+++ The data +++

(* Let $G$ be a group with finite symmetric generating set $S$ and Laplacian $\Delta$, let $R\ge1$, and let $x\in IG$ with $x^*=x$. Suppose $b\in\mathbb{R}G$ is supported in $B_{2R}$ and $x-b\in\Sigma^2_R IG$. Then for every $\varepsilon\ge 2^{2\lceil\log_2R\rceil}\|b\|_1$ we have $x+\varepsilon\Delta\in\Sigma^2_R IG$.
   Context: For a group $G$ with finite symmetric generating set $S$: $*$ is the linear involution of $\mathbb{R}G$ induced by $g\mapsto g^{-1}$; $IG$ is the augmentation ideal (kernel of $\sum_g c_gg\mapsto\sum_g c_g$); the Laplacian is $\Delta=|S|-\sum_{s\in S}s$; $B_R$ is the ball of radius $R$ about $1$ in the word metric; $\Sigma^2_R\mathbb{R}G$ is the set of finite sums $\sum_i\xi_i^*\xi_i$ with each $\xi_i$ supported in $B_R$, and $\Sigma^2_R IG=IG\cap\Sigma^2_R\mathbb{R}G$. For $b=\sum_g b_gg$, $\|b\|_1=\sum_g|b_g|$. *)

theory Defs
  imports "HOL-Algebra.Algebra" Complex_Main
begin

definition supp :: "('a \<Rightarrow> real) \<Rightarrow> 'a set" where
  "supp a = {g. a g \<noteq> 0}"

definition grp_ring :: "('a, 'b) monoid_scheme \<Rightarrow> ('a \<Rightarrow> real) set" where
  "grp_ring G = {a. finite (supp a) \<and> supp a \<subseteq> carrier G}"

definition conv :: "('a, 'b) monoid_scheme \<Rightarrow> ('a \<Rightarrow> real) \<Rightarrow> ('a \<Rightarrow> real) \<Rightarrow> 'a \<Rightarrow> real" where
  "conv G a b = (\<lambda>g. if g \<in> carrier G then (\<Sum>h\<in>supp a. a h * b (inv\<^bsub>G\<^esub> h \<otimes>\<^bsub>G\<^esub> g)) else 0)"

definition star :: "('a, 'b) monoid_scheme \<Rightarrow> ('a \<Rightarrow> real) \<Rightarrow> 'a \<Rightarrow> real" where
  "star G a = (\<lambda>g. if g \<in> carrier G then a (inv\<^bsub>G\<^esub> g) else 0)"

definition augmentation :: "('a \<Rightarrow> real) \<Rightarrow> real" where
  "augmentation a = (\<Sum>g\<in>supp a. a g)"

definition aug_ideal :: "('a, 'b) monoid_scheme \<Rightarrow> ('a \<Rightarrow> real) set" where
  "aug_ideal G = {a \<in> grp_ring G. augmentation a = 0}"

definition laplacian :: "('a, 'b) monoid_scheme \<Rightarrow> 'a set \<Rightarrow> 'a \<Rightarrow> real" where
  "laplacian G S = (\<lambda>g. (if g = \<one>\<^bsub>G\<^esub> then real (card S) else 0) - (if g \<in> S then 1 else 0))"

definition word_ball :: "('a, 'b) monoid_scheme \<Rightarrow> 'a set \<Rightarrow> nat \<Rightarrow> 'a set" where
  "word_ball G S R = {foldr (\<otimes>\<^bsub>G\<^esub>) xs \<one>\<^bsub>G\<^esub> | xs. set xs \<subseteq> S \<and> length xs \<le> R}"

definition sos_R :: "('a, 'b) monoid_scheme \<Rightarrow> 'a set \<Rightarrow> nat \<Rightarrow> ('a \<Rightarrow> real) set" where
  "sos_R G S R = {x. \<exists>(n::nat) (\<xi>::nat \<Rightarrow> 'a \<Rightarrow> real).
      (\<forall>i<n. \<xi> i \<in> grp_ring G \<and> supp (\<xi> i) \<subseteq> word_ball G S R) \<and>
      x = (\<lambda>g. \<Sum>i<n. conv G (star G (\<xi> i)) (\<xi> i) g)}"

definition sos_R_IG :: "('a, 'b) monoid_scheme \<Rightarrow> 'a set \<Rightarrow> nat \<Rightarrow> ('a \<Rightarrow> real) set" where
  "sos_R_IG G S R = aug_ideal G \<inter> sos_R G S R"

definition norm1 :: "('a \<Rightarrow> real) \<Rightarrow> real" where
  "norm1 b = (\<Sum>g\<in>supp b. \<bar>b g\<bar>)"

end

theory Submission
  imports Defs
begin

text \<open>Put Q(g) = 2 - g - g\<inverse> = (1 - g)^*(1 - g), so that \<Delta> = 1/2 \<Sum>{Q(s) | s \<in> S}.
  Being symmetric with augmentation zero, b equals \<Sum>{-b(g)/2 Q(g) | g \<noteq> 1}. The terms with
  b(g) < 0 are hermitian squares: writing g = hk with h, k \<in> B(R) gives Q(g) = (h - k)^*(h - k).
  The others are absorbed by \<epsilon>\<Delta>, because 4^(k+1) \<Delta> - Q(g) is a sum of squares over B(R)
  whenever R \<le> 2^k and g \<in> B(2R): halving a word w for g repeatedly and using
  2Q(h) + 2Q(k) - Q(hk) = (h\<inverse> - 2 + k)^*(h\<inverse> - 2 + k) shows that 2^(k+1) \<Sum>{Q(s) | s \<in> w} - Q(g)
  is a sum of squares over B(R), and after pairing s with s\<inverse> each generator occurs at most
  2^k times in a shortest such w.\<close>

section \<open>The cone of sums of squares\<close>

lemma sos_R_zero: "(\<lambda>y. 0) \<in> sos_R G S R"
  unfolding sos_R_def by (rule CollectI, rule exI[of _ 0]) auto

lemma sos_R_square:
  assumes "\<xi> \<in> grp_ring G" "supp \<xi> \<subseteq> word_ball G S R"
  shows "conv G (star G \<xi>) \<xi> \<in> sos_R G S R"
  unfolding sos_R_def
  by (rule CollectI, rule exI[of _ 1], rule exI[of _ "\<lambda>_. \<xi>"]) (use assms in auto)

lemma sos_R_add:
  fixes G :: "('a, 'b) monoid_scheme"
  assumes "a \<in> sos_R G S R" "c \<in> sos_R G S R"
  shows "(\<lambda>y. a y + c y) \<in> sos_R G S R"
proof -
  obtain n1 and \<xi>1 :: "nat \<Rightarrow> 'a \<Rightarrow> real"
    where h1: "\<forall>i<n1. \<xi>1 i \<in> grp_ring G \<and> supp (\<xi>1 i) \<subseteq> word_ball G S R"
      "a = (\<lambda>g. \<Sum>i<n1. conv G (star G (\<xi>1 i)) (\<xi>1 i) g)"
    using assms(1) unfolding sos_R_def by blast
  obtain n2 and \<xi>2 :: "nat \<Rightarrow> 'a \<Rightarrow> real"
    where h2: "\<forall>i<n2. \<xi>2 i \<in> grp_ring G \<and> supp (\<xi>2 i) \<subseteq> word_ball G S R"
      "c = (\<lambda>g. \<Sum>i<n2. conv G (star G (\<xi>2 i)) (\<xi>2 i) g)"
    using assms(2) unfolding sos_R_def by blast
  define \<xi> where "\<xi> i = (if i < n1 then \<xi>1 i else \<xi>2 (i - n1))" for i
  have "\<forall>i<n1+n2. \<xi> i \<in> grp_ring G \<and> supp (\<xi> i) \<subseteq> word_ball G S R"
    using h1(1) h2(1) unfolding \<xi>_def by auto
  moreover have "(\<lambda>y. a y + c y) = (\<lambda>g. \<Sum>i<n1+n2. conv G (star G (\<xi> i)) (\<xi> i) g)"
  proof
    fix g
    let ?f = "\<lambda>i. conv G (star G (\<xi> i)) (\<xi> i) g"
    have "(\<Sum>i<n1+n2. ?f i) = (\<Sum>i\<in>{0..<n1}. ?f i) + (\<Sum>i\<in>{n1..<n1+n2}. ?f i)"
      by (simp add: lessThan_atLeast0 sum.atLeastLessThan_concat)
    also have "(\<Sum>i\<in>{n1..<n1+n2}. ?f i) = (\<Sum>i\<in>{0..<n2}. ?f (i + n1))"
      using sum.shift_bounds_nat_ivl[of ?f 0 n1 n2] by (simp add: add.commute)
    finally show "a g + c g = (\<Sum>i<n1+n2. ?f i)"
      unfolding h1(2) h2(2) \<xi>_def by (simp add: lessThan_atLeast0)
  qed
  ultimately show ?thesis unfolding sos_R_def by blast
qed

lemma conv_star_self_mult_const:
  "conv G (star G (\<lambda>y. c * \<xi> y)) (\<lambda>y. c * \<xi> y) g = c\<^sup>2 * conv G (star G \<xi>) \<xi> g"
proof (cases "c = 0")
  case True
  then show ?thesis by (simp add: conv_def supp_def)
next
  case False
  then have "supp (star G (\<lambda>y. c * \<xi> y)) = supp (star G \<xi>)"
    by (auto simp: supp_def star_def)
  then show ?thesis
    by (auto simp: conv_def star_def sum_distrib_left power2_eq_square mult_ac intro!: sum.cong)
qed

lemma sos_R_scale:
  fixes G :: "('a, 'b) monoid_scheme"
  assumes "a \<in> sos_R G S R" "0 \<le> r"
  shows "(\<lambda>y. r * a y) \<in> sos_R G S R"
proof -
  obtain n and \<xi> :: "nat \<Rightarrow> 'a \<Rightarrow> real"
    where h: "\<forall>i<n. \<xi> i \<in> grp_ring G \<and> supp (\<xi> i) \<subseteq> word_ball G S R"
      "a = (\<lambda>g. \<Sum>i<n. conv G (star G (\<xi> i)) (\<xi> i) g)"
    using assms(1) unfolding sos_R_def by blast
  define \<eta> where "\<eta> i = (\<lambda>y. sqrt r * \<xi> i y)" for i
  have "supp (\<eta> i) \<subseteq> supp (\<xi> i)" for i
    unfolding \<eta>_def supp_def by auto
  then have "\<forall>i<n. \<eta> i \<in> grp_ring G \<and> supp (\<eta> i) \<subseteq> word_ball G S R"
    using h(1) unfolding grp_ring_def by (metis (mono_tags, lifting) finite_subset mem_Collect_eq order_trans)
  moreover have "(\<lambda>y. r * a y) = (\<lambda>g. \<Sum>i<n. conv G (star G (\<eta> i)) (\<eta> i) g)"
    unfolding h(2) \<eta>_def conv_star_self_mult_const using assms(2) by (simp add: sum_distrib_left)
  ultimately show ?thesis unfolding sos_R_def by blast
qed

lemma sos_R_sum:
  assumes "finite I" "\<And>i. i \<in> I \<Longrightarrow> f i \<in> sos_R G S R"
  shows "(\<lambda>y. \<Sum>i\<in>I. f i y) \<in> sos_R G S R"
  using assms
proof (induction I rule: finite_induct)
  case empty
  then show ?case using sos_R_zero by simp
next
  case (insert j I)
  then have "(\<lambda>y. f j y + (\<Sum>i\<in>I. f i y)) \<in> sos_R G S R"
    by (intro sos_R_add) auto
  then show ?case using insert by simp
qed

definition dirac :: "'a \<Rightarrow> 'a \<Rightarrow> real" where
  "dirac t y = (if y = t then 1 else 0)"

definition point_comb :: "nat \<Rightarrow> (nat \<Rightarrow> real) \<Rightarrow> (nat \<Rightarrow> 'a) \<Rightarrow> 'a \<Rightarrow> real" where
  "point_comb m c u = (\<lambda>y. \<Sum>i<m. c i * dirac (u i) y)"

lemma conv_outside_carrier: "g \<notin> carrier G \<Longrightarrow> conv G a c g = 0"
  unfolding conv_def by simp

lemma supp_point_comb: "supp (point_comb m c u) \<subseteq> u ` {..<m}"
proof
  fix x assume "x \<in> supp (point_comb m c u)"
  then have "\<exists>i<m. x = u i"
    unfolding supp_def point_comb_def dirac_def by (auto intro: ccontr)
  then show "x \<in> u ` {..<m}" by blast
qed

context group begin

lemma point_comb_in_grp_ring: "u ` {..<m} \<subseteq> carrier G \<Longrightarrow> point_comb m c u \<in> grp_ring G"
  unfolding grp_ring_def using supp_point_comb[of m c u] by (auto intro: finite_subset)

lemma sum_inv_reindex:
  assumes "\<And>g. g \<in> A \<Longrightarrow> inv g \<in> A" "A \<subseteq> carrier G"
  shows "(\<Sum>g\<in>A. f (inv g)) = (\<Sum>g\<in>A. f g)"
proof -
  have "A \<subseteq> (\<lambda>g. inv g) ` A"
  proof
    fix g assume "g \<in> A"
    then have "inv g \<in> A" "g = inv (inv g)" using assms by auto
    then show "g \<in> (\<lambda>g. inv g) ` A" by blast
  qed
  then have "(\<lambda>g. inv g) ` A = A" using assms(1) by blast
  moreover have "inj_on (\<lambda>g. inv g) A"
    using assms(2) inv_inj by (rule inj_on_subset[rotated])
  ultimately show ?thesis using sum.reindex[of "\<lambda>g. inv g" A f] by simp
qed

lemma supp_star: "\<xi> \<in> grp_ring G \<Longrightarrow> supp (star G \<xi>) = (\<lambda>h. inv h) ` supp \<xi>"
  unfolding grp_ring_def supp_def star_def by (force simp: image_iff)

lemma conv_star_self_eq_sum:
  assumes "\<xi> \<in> grp_ring G" "finite F" "supp \<xi> \<subseteq> F" "F \<subseteq> carrier G" "g \<in> carrier G"
  shows "conv G (star G \<xi>) \<xi> g = (\<Sum>x\<in>F. \<xi> x * \<xi> (x \<otimes> g))"
proof -
  have sc: "supp \<xi> \<subseteq> carrier G" using assms(1) unfolding grp_ring_def by auto
  have inj: "inj_on (\<lambda>h. inv h) (supp \<xi>)"
    using sc inv_inj by (rule inj_on_subset[rotated])
  have "conv G (star G \<xi>) \<xi> g = (\<Sum>h\<in>(\<lambda>h. inv h) ` supp \<xi>. star G \<xi> h * \<xi> (inv h \<otimes> g))"
    unfolding conv_def using assms(5) supp_star[OF assms(1)] by simp
  also have "\<dots> = (\<Sum>x\<in>supp \<xi>. star G \<xi> (inv x) * \<xi> (inv (inv x) \<otimes> g))"
    by (rule sum.reindex[OF inj, unfolded comp_def])
  also have "\<dots> = (\<Sum>x\<in>supp \<xi>. \<xi> x * \<xi> (x \<otimes> g))"
    using sc by (intro sum.cong refl) (auto simp: star_def)
  also have "\<dots> = (\<Sum>x\<in>F. \<xi> x * \<xi> (x \<otimes> g))"
    using assms(2,3) by (intro sum.mono_neutral_left) (auto simp: supp_def)
  finally show ?thesis .
qed

lemma conv_star_self_point_comb:
  assumes "u ` {..<m} \<subseteq> carrier G" "g \<in> carrier G"
  shows "conv G (star G (point_comb m c u)) (point_comb m c u) g =
     (\<Sum>i<m. \<Sum>j<m. c i * c j * dirac (inv (u i) \<otimes> u j) g)"
proof -
  let ?F = "u ` {..<m}"
  have "conv G (star G (point_comb m c u)) (point_comb m c u) g
      = (\<Sum>x\<in>?F. point_comb m c u x * point_comb m c u (x \<otimes> g))"
    by (rule conv_star_self_eq_sum[OF point_comb_in_grp_ring[OF assms(1)] _ supp_point_comb assms])
      simp
  also have "\<dots> = (\<Sum>i<m. \<Sum>j<m. \<Sum>x\<in>?F. c i * c j * (dirac (u i) x * dirac (u j) (x \<otimes> g)))"
    unfolding point_comb_def sum_product
    by (subst sum.swap, rule sum.cong[OF refl], subst sum.swap) (simp add: mult_ac)
  also have "\<dots> = (\<Sum>i<m. \<Sum>j<m. c i * c j * dirac (inv (u i) \<otimes> u j) g)"
  proof (intro sum.cong refl)
    fix i j assume i: "i \<in> {..<m}" and j: "j \<in> {..<m}"
    have "(u i \<otimes> g = u j) = (g = inv (u i) \<otimes> u j)"
      using inv_solve_left'[of g "u i" "u j"] assms i j by (metis image_subset_iff)
    then have "(\<Sum>x\<in>?F. c i * c j * (dirac (u i) x * dirac (u j) (x \<otimes> g)))
        = (\<Sum>x\<in>?F. if x = u i then c i * c j * dirac (inv (u i) \<otimes> u j) g else 0)"
      by (intro sum.cong refl) (auto simp: dirac_def)
    also have "\<dots> = c i * c j * dirac (inv (u i) \<otimes> u j) g"
      using i by (simp add: sum.delta)
    finally show "(\<Sum>x\<in>?F. c i * c j * (dirac (u i) x * dirac (u j) (x \<otimes> g)))
        = c i * c j * dirac (inv (u i) \<otimes> u j) g" .
  qed
  finally show ?thesis .
qed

+++

> _Exercise_:
Return only the part of the records above that opens with the line containing "2^k times in a shortest such w.\<close>" and closes with the line containing "using h1(1) h2(1)", ends included.

> _Reply_:
  2^k times in a shortest such w.\<close>

section \<open>The cone of sums of squares\<close>

lemma sos_R_zero: "(\<lambda>y. 0) \<in> sos_R G S R"
  unfolding sos_R_def by (rule CollectI, rule exI[of _ 0]) auto

lemma sos_R_square:
  assumes "\<xi> \<in> grp_ring G" "supp \<xi> \<subseteq> word_ball G S R"
  shows "conv G (star G \<xi>) \<xi> \<in> sos_R G S R"
  unfolding sos_R_def
  by (rule CollectI, rule exI[of _ 1], rule exI[of _ "\<lambda>_. \<xi>"]) (use assms in auto)

lemma sos_R_add:
  fixes G :: "('a, 'b) monoid_scheme"
  assumes "a \<in> sos_R G S R" "c \<in> sos_R G S R"
  shows "(\<lambda>y. a y + c y) \<in> sos_R G S R"
proof -
  obtain n1 and \<xi>1 :: "nat \<Rightarrow> 'a \<Rightarrow> real"
    where h1: "\<forall>i<n1. \<xi>1 i \<in> grp_ring G \<and> supp (\<xi>1 i) \<subseteq> word_ball G S R"
      "a = (\<lambda>g. \<Sum>i<n1. conv G (star G (\<xi>1 i)) (\<xi>1 i) g)"
    using assms(1) unfolding sos_R_def by blast
  obtain n2 and \<xi>2 :: "nat \<Rightarrow> 'a \<Rightarrow> real"
    where h2: "\<forall>i<n2. \<xi>2 i \<in> grp_ring G \<and> supp (\<xi>2 i) \<subseteq> word_ball G S R"
      "c = (\<lambda>g. \<Sum>i<n2. conv G (star G (\<xi>2 i)) (\<xi>2 i) g)"
    using assms(2) unfolding sos_R_def by blast
  define \<xi> where "\<xi> i = (if i < n1 then \<xi>1 i else \<xi>2 (i - n1))" for i
  have "\<forall>i<n1+n2. \<xi> i \<in> grp_ring G \<and> supp (\<xi> i) \<subseteq> word_ball G S R"
    using h1(1) h2(1) unfolding \<xi>_def by auto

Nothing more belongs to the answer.